Chaplin needs training ..... first he is a rescue so you don't know what he has gotten in the past.... second if he is never taught how to behave he never will know how to behave and its easier to keep him on a chain than it is to train him, but its not fair to him. He needs to be taught how to behave and what is and is not appropriate..... and that is hard work..... I have seven dogs in this house..... yes in the house, and a cat and a parrot.... and nobody chases anyone because it just isn't allowed..... I set the rules and we taught them the rules.... now would it have been easier to toss them in the backyard absolutely but that is not what we wanted for them or for us...... 

however it is up to YOU to teach him what is appropriate and teach him how to become a good housedog ...... 
s


----------



## JoashC (Mar 29, 2008)

So are you saying that I should let him off the chain and let him run around till he learns? Should I take him for walks more often?


----------



## caveman (Mar 16, 2008)

yes off the chain.

you need to train him and spend time with him.

you need to be there with him while he adjusts to the other people and animals.

you need to set the rules.

you have to put the time in.

i'm emphasizing the "you with "him", spend good quality time and train/enjoy him.

similiar to a relationship with a child, you need to spend time with them...


vaughn


----------



## Shalva (Mar 23, 2007)

JoashC said:


> So are you saying that I should let him off the chain and let him run around till he learns?

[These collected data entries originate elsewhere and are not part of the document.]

lemma finite_confs:
  assumes "finite S"
  shows "finite (confs d S)"
proof -
  have "inj_on (\<lambda>c. restrict c S) (confs d S)"
  proof (rule inj_onI)
    fix c c' assume c: "c \<in> confs d S" and c': "c' \<in> confs d S"
      and eq: "restrict c S = restrict c' S"
    show "c = c'"
    proof
      fix u
      show "c u = c' u"
        using fun_cong[OF eq, of u] confs_outside[OF c, of u] confs_outside[OF c', of u]
        by (cases "u \<in> S") auto
    qed
  qed
  moreover have "(\<lambda>c. restrict c S) ` confs d S \<subseteq> PiE S (\<lambda>u. {..<d u})"
    by (auto simp: confs_def)
  hence "finite ((\<lambda>c. restrict c S) ` confs d S)"
    using finite_PiE[OF assms, of "\<lambda>u. {..<d u}"] finite_subset by blast
  ultimately show ?thesis
    using finite_imageD by blast
qed

lemma finite_lattice: "finite (lattice L)"
  by (simp add: lattice_def)

lemma finite_lattice_confs: "finite (C L d)"
  by (simp add: finite_confs finite_lattice)

lemma square_subset_lattice: "0 < L \<Longrightarrow> square L x y r \<subseteq> lattice L"
  by (auto simp: square_def lattice_def)

definition basis_vec :: "cfg \<Rightarrow> vec" where
  "basis_vec c0 = (\<lambda>c. if c = c0 then 1 else 0)"

definition op_zero_outside :: "nat \<Rightarrow> (site \<Rightarrow> nat) \<Rightarrow> op \<Rightarrow> bool" where
  "op_zero_outside L d X \<longleftrightarrow> (\<forall>c c'. \<not> (c \<in> C L d \<and> c' \<in> C L d) \<longrightarrow> X c c' = 0)"

definition op_adj :: "op \<Rightarrow> op" where
  "op_adj X = (\<lambda>c c'. cnj (X c' c))"

lemma op_app_basis_vec:
  "c' \<in> C L d \<Longrightarrow> op_app L d X (basis_vec c') c = (if c \<in> C L d then X c c' else 0)"
  by (simp add: op_app_def basis_vec_def if_distrib finite_lattice_confs cong: if_cong)

lemma basis_vec_in_vspace: "c' \<in> C L d \<Longrightarrow> basis_vec c' \<in> vspace L d"
  by (auto simp: vspace_def basis_vec_def)

lemma op_app_in_vspace: "op_app L d X v \<in> vspace L d"
  by (simp add: vspace_def op_app_def)

lemma vspace_outside: "v \<in> vspace L d \<Longrightarrow> c \<notin> C L d \<Longrightarrow> v c = 0"
  by (simp add: vspace_def)

lemma op_app_add: "op_app L d X (\<lambda>c. v c + w c) = (\<lambda>c. op_app L d X v c + op_app L d X w c)"
  by (auto simp: op_app_def distrib_left sum.distrib)

lemma op_app_scale: "op_app L d X (\<lambda>c. a * v c) = (\<lambda>c. a * op_app L d X v c)"
  by (auto simp: op_app_def sum_distrib_left mult.left_commute)

lemma op_app_zero: "op_app L d X (\<lambda>_. 0) = (\<lambda>_. 0)"
  by (auto simp: op_app_def)

lemma op_app_op_mult: "op_app L d (op_mult L d X Y) v = op_app L d X (op_app L d Y v)"
proof
  fix c
  show "op_app L d (op_mult L d X Y) v c = op_app L d X (op_app L d Y v) c"
  proof (cases "c \<in> C L d")
    case True
    have "op_app L d (op_mult L d X Y) v c = (\<Sum>e\<in>C L d. \<Sum>f\<in>C L d. X c f * Y f e * v e)"
      using True by (simp add: op_app_def op_mult_def sum_distrib_right)
    also have "\<dots> = (\<Sum>f\<in>C L d. \<Sum>e\<in>C L d. X c f * Y f e * v e)"
      by (rule sum.swap)
    also have "\<dots> = op_app L d X (op_app L d Y v) c"
      using True by (simp add: op_app_def sum_distrib_left mult.assoc)
    finally show ?thesis .
  qed (simp add: op_app_def)
qed

lemma op_mult_assoc: "op_mult L d (op_mult L d X Y) Z = op_mult L d X (op_mult L d Y Z)"
proof (intro ext)
  fix c c'
  show "op_mult L d (op_mult L d X Y) Z c c' = op_mult L d X (op_mult L d Y Z) c c'"
  proof (cases "c \<in> C L d \<and> c' \<in> C L d")
    case True
    have "op_mult L d (op_mult L d X Y) Z c c' = (\<Sum>e\<in>C L d. \<Sum>f\<in>C L d. X c f * Y f e * Z e c')"
      using True by (simp add: op_mult_def sum_distrib_right)
    also have "\<dots> = (\<Sum>f\<in>C L d. \<Sum>e\<in>C L d. X c f * Y f e * Z e c')"
      by (rule sum.swap)
    also have "\<dots> = op_mult L d X (op_mult L d Y Z) c c'"
      using True by (simp add: op_mult_def sum_distrib_left mult.assoc)
    finally show ?thesis .
  qed (auto simp: op_mult_def)
qed

lemma op_zero_outside_op_mult: "op_zero_outside L d (op_mult L d X Y)"
  by (simp add: op_zero_outside_def op_mult_def)

lemma op_zero_outside_op_id: "op_zero_outside L d (op_id L d)"
  by (simp add: op_zero_outside_def op_id_def)

lemma op_mult_id_right: "op_zero_outside L d X \<Longrightarrow> op_mult L d X (op_id L d) = X"
  by (intro ext)
    (auto simp: op_zero_outside_def op_mult_def op_id_def if_distrib finite_lattice_confs
      cong: if_cong)

lemma op_mult_id_left: "op_zero_outside L d X \<Longrightarrow> op_mult L d (op_id L d) X = X"
  by (intro ext)
    (auto simp: op_zero_outside_def op_mult_def op_id_def finite_lattice_confs
      if_distrib[of "\<lambda>z. z * _"] cong: if_cong)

Should I take him for walks more often?


what I am saying is that you need to teach him 
if it were me I would start by signing him up for obedience class at least level one and level two..... 
he should definitely go for more walks and more play time in a fenced area because he can not be trusted at this point..... 

he needs shelter the dog house and he needs to have more socialization wtih other dogs and people so he can learn appropriate behavior and you will get that at a training class..... 

I am not saying that he should be allowed to run willy nilly all over the place.... what I am saying is that a dog will become neurotic if they don't get what they need ..... I was reading an article the other day and I am sure you have seen them about what happens to social creatures when given no socialization.... like children in romanian orphanages..... etc..... and dogs are social creatures in the same way that people are.... they need contact... they need direction, they need socialization and if they don't get it they will have difficulty..... 

first order of business is a dog house or some sort..... that is a basic care issue.... 

second is training classes at LEAST through level two 

third no eating in front of the dog... its not fair unless you plan on sharing..... 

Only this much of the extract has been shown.